Las organizaciones agrarias europeas, como Copa-Cogeca, rechazan el acuerdo al considerar que introduce una competencia que no cumple los mismos estándares medioambientales y sanitarios exigidos en la UE.
| País u organización | Posición | Motivo principal |
|---|---|---|
| Francia | En contra | Impacto en la agricultura y presión política interna |
| Polonia | En contra | Defensa del sector agrario |
| Irlanda | Crítica | Riesgo para el sector del vacuno |
| Austria | Reticente | Agricultura y estándares |
| Copa-Cogeca | En contra | Competencia y desigualdad regulatoria |
La resistencia se centra en el temor a una competencia agraria considerada desleal y en el impacto político interno
El foco del conflicto: carne y productos agrícolas
La carne de vacuno es el símbolo del choque entre Bruselas y los países críticos. La Comisión defiende que el impacto será limitado gracias a un sistema de cuotas.
En concreto, el acuerdo prevé una cuota de 99.000 toneladas de carne de vacuno procedente de Mercosur con un arancel del 7,5%, volumen que representa aproximadamente el 1,5% de la producción total de vacuno de la UE. Además, se contemplan 180.000 toneladas de carne de ave libres de arancel, implantadas de forma gradual en cinco años.
| Producto agrícola | Medida prevista | Cifra y a qué corresponde |
|---|---|---|
| Carne de vacuno | Cuota con arancel | 99.000 toneladas con un arancel del 7,5% |
| Importaciones actuales de vacuno desde Mercosur | Comparativa | 206.000 toneladas importadas en 2024 |
| Carne de ave | Cuota sin arancel | 180.000 toneladas en cinco años |
La decisión política y el papel de Italia
La aprobación del acuerdo en el Consejo requiere el respaldo de al menos 15 Estados miembros que representen el 65% de la población de la UE. Este sistema convierte a Italia en un actor decisivo, ya que su voto puede consolidar la mayoría favorable o facilitar una minoría de bloqueo liderada por Francia.
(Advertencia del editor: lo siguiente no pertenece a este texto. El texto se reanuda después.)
(* Let $p>q>1$ be relatively prime integers. Then for all integers $k,l\ge 1$ we have $\mu_{(\frac{p}{q},kq)}=\mu_{(\frac{p}{q},lq)}$.
   Context: For a real number $\gamma>1$ let $T_\gamma:[0,1)\to[0,1)$, $T_\gamma(x)=\gamma x \bmod 1$. For real $\beta>1$ and an integer $n\ge 2$, the alternate base transformation $K_{(\beta,n)}:\{0,1\}\times[0,1)\to\{0,1\}\times[0,1)$ is $K_{(\beta,n)}(0,x)=(1,T_\beta(x))$, $K_{(\beta,n)}(1,x)=(0,T_n(x))$. For reals $\gamma_1,\gamma_2>1$, $T_{\gamma_1\circ\gamma_2}:=T_{\gamma_1}\circ T_{\gamma_2}$ (a piecewise linear map of constant slope $\gamma_1\gamma_2$), and $\mu_{\gamma_1\circ\gamma_2}$ denotes its unique invariant probability measure absolutely continuous with respect to Lebesgue measure. The absolutely continuous invariant probability measure $\mu_{(\beta,n)}$ of $K_{(\beta,n)}$ is given by $\mu_{(\beta,n)}(\{0\}\times A\cup\{1\}\times B)=\tfrac12\mu_{n\circ\beta}(A)+\tfrac12\mu_{\beta\circ n}(B)$ for Borel $A,B\subseteq[0,1)$. *)

theory Defs
  imports "HOL-Probability.Probability"
begin

definition Tmap :: "real \<Rightarrow> real \<Rightarrow> real" where
  "Tmap \<gamma> x = frac (\<gamma> * x)"

definition unit_leb :: "real measure" where
  "unit_leb = restrict_space lborel {0..<1}"

definition is_acip :: "(real \<Rightarrow> real) \<Rightarrow> real measure \<Rightarrow> bool" where
  "is_acip T \<mu> \<longleftrightarrow> sets \<mu> = sets unit_leb \<and> prob_space \<mu> \<and>
     absolutely_continuous unit_leb \<mu> \<and> T \<in> measurable \<mu> \<mu> \<and> distr \<mu> \<mu> T = \<mu>"

definition acip :: "(real \<Rightarrow> real) \<Rightarrow> real measure" where
  "acip T = (THE \<mu>. is_acip T \<mu>)"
Desde Bruselas, el comisario de Comercio ha advertido de que un rechazo dañaría la credibilidad internacional de la UE y complicaría futuras negociaciones comerciales.
El desenlace, aún abierto, definirá no solo la relación con Mercosur, sino también el rumbo de la política comercial europea en un contexto global cada vez más fragmentado.